Work request: Your answer must match the material exactly, line for line.
(Data section Opens)
lemma card_bad_bijections_lower_bound:
  fixes L :: "('a \<times> 'b) set"
  assumes "finite X" "finite Y" "i \<in> X"
  defines "k \<equiv> card {j \<in> Y. (i, j) \<in> L}"
  shows "(k - 1) * (card Y - k) * card (bijections X Y)
       \<le> card Y * (card Y - 1) * card {\<sigma> \<in> bijections X Y. large_count L X \<sigma> \<noteq> 1}"
proof (cases "k = 0")
  case False
  define S where "S = {j \<in> Y. (i, j) \<in> L}"
  define m where "m = card Y"
  let ?B = "bijections X Y"
  let ?U = "{\<sigma> \<in> ?B. \<sigma> i \<in> Y - S}" and ?V = "{\<sigma> \<in> ?B. \<sigma> i \<in> S}"
  let ?GU = "{\<sigma> \<in> ?B. \<sigma> i \<in> Y - S \<and> large_count L X \<sigma> = 1}"
  let ?BU = "{\<sigma> \<in> ?B. \<sigma> i \<in> Y - S \<and> large_count L X \<sigma> \<noteq> 1}"
  let ?BV = "{\<sigma> \<in> ?B. \<sigma> i \<in> S \<and> large_count L X \<sigma> \<noteq> 1}"
  let ?bad = "{\<sigma> \<in> ?B. large_count L X \<sigma> \<noteq> 1}"
  have finite: "finite ?B" using finite_bijections[OF assms(1,2)] .
  have "S \<subseteq> Y" unfolding S_def by blast
  then have k_le: "k \<le> m" and card_Y_S: "card (Y - S) = m - k"
    using assms(2) by (simp_all add: k_def S_def m_def card_mono card_Diff_subset finite_subset)
  have in_Y: "\<sigma> i \<in> Y" if "\<sigma> \<in> ?B" for \<sigma>
    using that assms(3) by (auto simp: bijections_def dest: bij_betwE)
  have split: "card A = card A1 + card A2" if "finite A" "A = A1 \<union> A2" "A1 \<inter> A2 = {}"
    for A A1 A2 :: "('a \<Rightarrow> 'b) set"
    using that by (simp add: card_Un_disjoint)
  have N: "card ?B = card ?U + card ?V" and U: "card ?U = card ?GU + card ?BU"
    and bad: "card ?bad = card ?BU + card ?BV"
    by (rule split; use finite in_Y in auto)+
  have double_count: "k * card ?U = (m - k) * card ?V"
    using switching_double_count[OF assms(1-3) \<open>S \<subseteq> Y\<close>] card_Y_S by (simp add: k_def S_def)
  have good_bound: "(k - 1) * card ?GU \<le> (m - k) * card ?BV"
    using good_switching_bound[OF assms(1-3), of L] card_Y_S by (simp add: k_def S_def)
  have "(k - 1) * (m - k) * card ?B \<le> m * (m - 1) * (card ?BU + card ?BV)"
    by (rule switching_counts_bound[OF N U double_count good_bound]) (use False k_le in auto)
  then show ?thesis unfolding bad m_def .
qed simp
(Data section Closes)
Completed exercise:
lemma card_bad_bijections_lower_bound:
  fixes L :: "('a \<times> 'b) set"
  assumes "finite X" "finite Y" "i \<in> X"
  defines "k \<equiv> card {j \<in> Y. (i, j) \<in> L}"
  shows "(k - 1) * (card Y - k) * card (bijections X Y)
       \<le> card Y * (card Y - 1) * card {\<sigma> \<in> bijections X Y. large_count L X \<sigma> \<noteq> 1}"
proof (cases "k = 0")
  case False
  define S where "S = {j \<in> Y. (i, j) \<in> L}"
  define m where "m = card Y"
  let ?B = "bijections X Y"
  let ?U = "{\<sigma> \<in> ?B. \<sigma> i \<in> Y - S}" and ?V = "{\<sigma> \<in> ?B. \<sigma> i \<in> S}"
  let ?GU = "{\<sigma> \<in> ?B. \<sigma> i \<in> Y - S \<and> large_count L X \<sigma> = 1}"
  let ?BU = "{\<sigma> \<in> ?B. \<sigma> i \<in> Y - S \<and> large_count L X \<sigma> \<noteq> 1}"
  let ?BV = "{\<sigma> \<in> ?B. \<sigma> i \<in> S \<and> large_count L X \<sigma> \<noteq> 1}"
  let ?bad = "{\<sigma> \<in> ?B. large_count L X \<sigma> \<noteq> 1}"
  have finite: "finite ?B" using finite_bijections[OF assms(1,2)] .
  have "S \<subseteq> Y" unfolding S_def by blast
  then have k_le: "k \<le> m" and card_Y_S: "card (Y - S) = m - k"
    using assms(2) by (simp_all add: k_def S_def m_def card_mono card_Diff_subset finite_subset)
  have in_Y: "\<sigma> i \<in> Y" if "\<sigma> \<in> ?B" for \<sigma>
    using that assms(3) by (auto simp: bijections_def dest: bij_betwE)
  have split: "card A = card A1 + card A2" if "finite A" "A = A1 \<union> A2" "A1 \<inter> A2 = {}"
    for A A1 A2 :: "('a \<Rightarrow> 'b) set"
    using that by (simp add: card_Un_disjoint)
  have N: "card ?B = card ?U + card ?V" and U: "card ?U = card ?GU + card ?BU"
    and bad: "card ?bad = card ?BU + card ?BV"
    by (rule split; use finite in_Y in auto)+
  have double_count: "k * card ?U = (m - k) * card ?V"
    using switching_double_count[OF assms(1-3) \<open>S \<subseteq> Y\<close>] card_Y_S by (simp add: k_def S_def)
  have good_bound: "(k - 1) * card ?GU \<le> (m - k) * card ?BV"
    using good_switching_bound[OF assms(1-3), of L] card_Y_S by (simp add: k_def S_def)
  have "(k - 1) * (m - k) * card ?B \<le> m * (m - 1) * (card ?BU + card ?BV)"
    by (rule switching_counts_bound[OF N U double_count good_bound]) (use False k_le in auto)
  then show ?thesis unfolding bad m_def .
qed simp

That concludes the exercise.